Formation of probabilistic and statistical thinking of students;

Educational:

Development of independence and self-control skills.

Motivating students to study topics in probability theory.

Tasks:

  • consolidate knowledge and skills in solving combinatorial problems;

    develop skills in using Bernoulli's scheme when solving problems,

    develop problem solving skills using Bernoulli’s formula,

    develop the basic mental operations of students: the ability to compare, analyze.

Lesson type: combined.

This material has practical application, as it allows solve problems in which the same experience is repeated repeatedly. As a result of each experiment, event A may or may not appear, and we are not interested in the result of each experiment, but in the total number of occurrences of event A in a series of experiments. In this lesson, the children learned the formula for solving such problems, learned to identify problems that fit Bernoulli’s scheme and are solved using his theorem. Time is rationally distributed at all stages of the lesson. The pace of the lesson corresponded to the level of development and preparedness of the students.

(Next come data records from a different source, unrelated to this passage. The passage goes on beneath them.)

lemma integral_cond_indep_defect_of_tv_le:
  assumes P: "prob_space P" and Q: "prob_space Q" and sets_eq: "sets P = sets Q"
    and F: "subalgebra Q F" and X: "X1 \<in> sets Q" "X2 \<in> sets Q" "X3 \<in> sets Q"
    and indep_P: "AE x in P. cond_prob P F X3 x = cond_prob P F X1 x * cond_prob P F X2 x"
    and d: "\<And>C. C \<in> sets Q \<Longrightarrow> \<bar>measure P C - measure Q C\<bar> \<le> d"
  shows "(\<integral>x. \<bar>cond_prob01 P F X3 x - cond_prob01 P F X1 x * cond_prob01 P F X2 x\<bar> \<partial>Q) \<le> d"
proof -
  define p where "p = cond_prob01 P F"
  define m where "m x = \<bar>p X3 x - p X1 x * p X2 x\<bar>" for x
  have FP: "subalgebra P F" using sets_eq F by (rule subalgebra_cong_sets)
  have XP: "X1 \<in> sets P" "X2 \<in> sets P" "X3 \<in> sets P" using X sets_eq by simp_all
  have "p Y \<in> borel_measurable Q" for Y
    unfolding p_def by (simp add: measurable_from_subalg[OF F])
  then have "m \<in> borel_measurable Q" unfolding m_def by measurable
  have "AE x in P. m x = 0"
    using AE_cond_prob01_eq[OF P FP XP(1)] AE_cond_prob01_eq[OF P FP XP(2)]
      AE_cond_prob01_eq[OF P FP XP(3)] indep_P
    by eventually_elim (simp add: m_def p_def)
  then have "(\<integral>x. m x \<partial>P) = 0"
    by (simp add: integral_eq_zero_AE)
  moreover have "\<bar>(\<integral>x. m x \<partial>P) - (\<integral>x. m x \<partial>Q)\<bar> \<le> d"
    using \<open>m \<in> borel_measurable Q\<close>
    by (rule integral_diff_le_of_measure_diff_le[OF P Q sets_eq _ _ d]) (simp add: m_def p_def abs_diff_mult_le_1)
  ultimately show ?thesis by (simp add: m_def p_def)
qed

lemma integral_cond_indep_defect_le:
  assumes P: "prob_space P" and Q: "prob_space Q" and sets_eq: "sets P = sets Q"
    and F: "subalgebra Q F" and X: "X1 \<in> sets Q" "X2 \<in> sets Q" "X3 \<in> sets Q"
    and indep_P: "AE x in P. cond_prob P F X3 x = cond_prob P F X1 x * cond_prob P F X2 x"
    and d: "\<And>C. C \<in> sets Q \<Longrightarrow> \<bar>measure P C - measure Q C\<bar> \<le> d"
  shows "(\<integral>x. \<bar>cond_prob01 Q F X3 x - cond_prob01 Q F X1 x * cond_prob01 Q F X2 x\<bar> \<partial>Q) \<le> 13 * d"
proof -
  interpret Q: prob_space Q by fact
  define p where "p = cond_prob01 P F"
  define q where "q = cond_prob01 Q F"
  have [measurable]: "p Y \<in> borel_measurable Q" "q Y \<in> borel_measurable Q" for Y
    unfolding p_def q_def by (simp_all add: measurable_from_subalg[OF F])
  have bounds: "0 \<le> p Y x" "p Y x \<le> 1" "0 \<le> q Y x" "q Y x \<le> 1" for Y x
    by (simp_all add: p_def q_def)
  have int: "integrable Q f" if "f \<in> borel_measurable Q" "\<And>x. \<bar>f x\<bar> \<le> 1" for f :: "_ \<Rightarrow> real"
    using that by (intro Q.integrable_const_bound[where B=1] AE_I2) auto
  have "\<bar>\<bar>p Y x - q Y x\<bar>\<bar> \<le> 1" for Y x using bounds[of Y x] by linarith
  then have int_pq: "integrable Q (\<lambda>x. \<bar>p Y x - q Y x\<bar>)" for Y by (intro int) simp_all
  have close: "(\<integral>x. \<bar>p Y x - q Y x\<bar> \<partial>Q) \<le> 4 * d" if "Y \<in> sets Q" for Y
    unfolding p_def q_def by (rule integral_abs_cond_prob01_diff_le[OF P Q sets_eq F that d])
  define m where "m x = \<bar>p X3 x - p X1 x * p X2 x\<bar>" for x
  have int_m: "integrable Q m"
    unfolding m_def using bounds by (intro int) (simp_all add: abs_diff_mult_le_1)
  have m_le: "(\<integral>x. m x \<partial>Q) \<le> d"
    unfolding m_def p_def by (rule integral_cond_indep_defect_of_tv_le[OF P Q sets_eq F X indep_P d])
  have "(\<integral>x. \<bar>q X3 x - q X1 x * q X2 x\<bar> \<partial>Q)
          \<le> (\<integral>x. \<bar>p X3 x - q X3 x\<bar> + m x + \<bar>p X1 x - q X1 x\<bar> + \<bar>p X2 x - q X2 x\<bar> \<partial>Q)"
  proof (rule integral_mono)
    show "integrable Q (\<lambda>x. \<bar>q X3 x - q X1 x * q X2 x\<bar>)"
      using bounds by (intro int) (simp_all add: abs_diff_mult_le_1)
    show "integrable Q (\<lambda>x. \<bar>p X3 x - q X3 x\<bar> + m x + \<bar>p X1 x - q X1 x\<bar> + \<bar>p X2 x - q X2 x\<bar>)"
      by (intro Bochner_Integration.integrable_add int_pq int_m)
    fix x
    have "\<bar>p X1 x\<bar> \<le> 1" "\<bar>q X2 x\<bar> \<le> 1"
      using bounds[of X1 x] bounds[of X2 x] by simp_all
    then show "\<bar>q X3 x - q X1 x * q X2 x\<bar>
                 \<le> \<bar>p X3 x - q X3 x\<bar> + m x + \<bar>p X1 x - q X1 x\<bar> + \<bar>p X2 x - q X2 x\<bar>"
      using abs_diff_mult_le[of "p X1 x" "q X2 x" "q X3 x" "q X1 x" "p X3 x" "p X2 x"]
      by (simp add: m_def abs_minus_commute)
  qed
  also have "\<dots> = (\<integral>x. \<bar>p X3 x - q X3 x\<bar> \<partial>Q) + (\<integral>x. m x \<partial>Q)
                  + (\<integral>x. \<bar>p X1 x - q X1 x\<bar> \<partial>Q) + (\<integral>x. \<bar>p X2 x - q X2 x\<bar> \<partial>Q)"
    using int_pq int_m by simp
  also have "\<dots> \<le> 13 * d"
    using close[OF X(1)] close[OF X(2)] close[OF X(3)] m_le by linarith
  finally show ?thesis unfolding q_def .
qed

The lesson was conceived by me as a dialogue between the teacher and students, since the class is quite strong. The lesson contributed to the formation of basic ideological ideas, probabilistic-statistical thinking, and the ability to identify interdisciplinary connections. The children worked in groups, which allowed them to develop their cognitive and communicative competence. In order for everyone to work in groups according to their capabilities and abilities, so that they do not lose interest in the taught discipline, tasks are proposed at different levels. Students in the lesson were active and independently came to conclusions. The content of the lesson contributed to the development of interest in learning, as evidenced by the reflective stage of the lesson. The presentation helped make the lesson more interesting, save time for taking notes and systematizing the material.

Example of syncwine:

1. Bernoulli's theorem
New, interesting.
We met, understood, became interested.
Allows you to find the probability

In real.

2. Oh, trials,

Independent repeat

Let's analyze, understand and calculate

And it will help us with this, of course.

Bernoulli's theorem

The goals set during the lesson were achieved.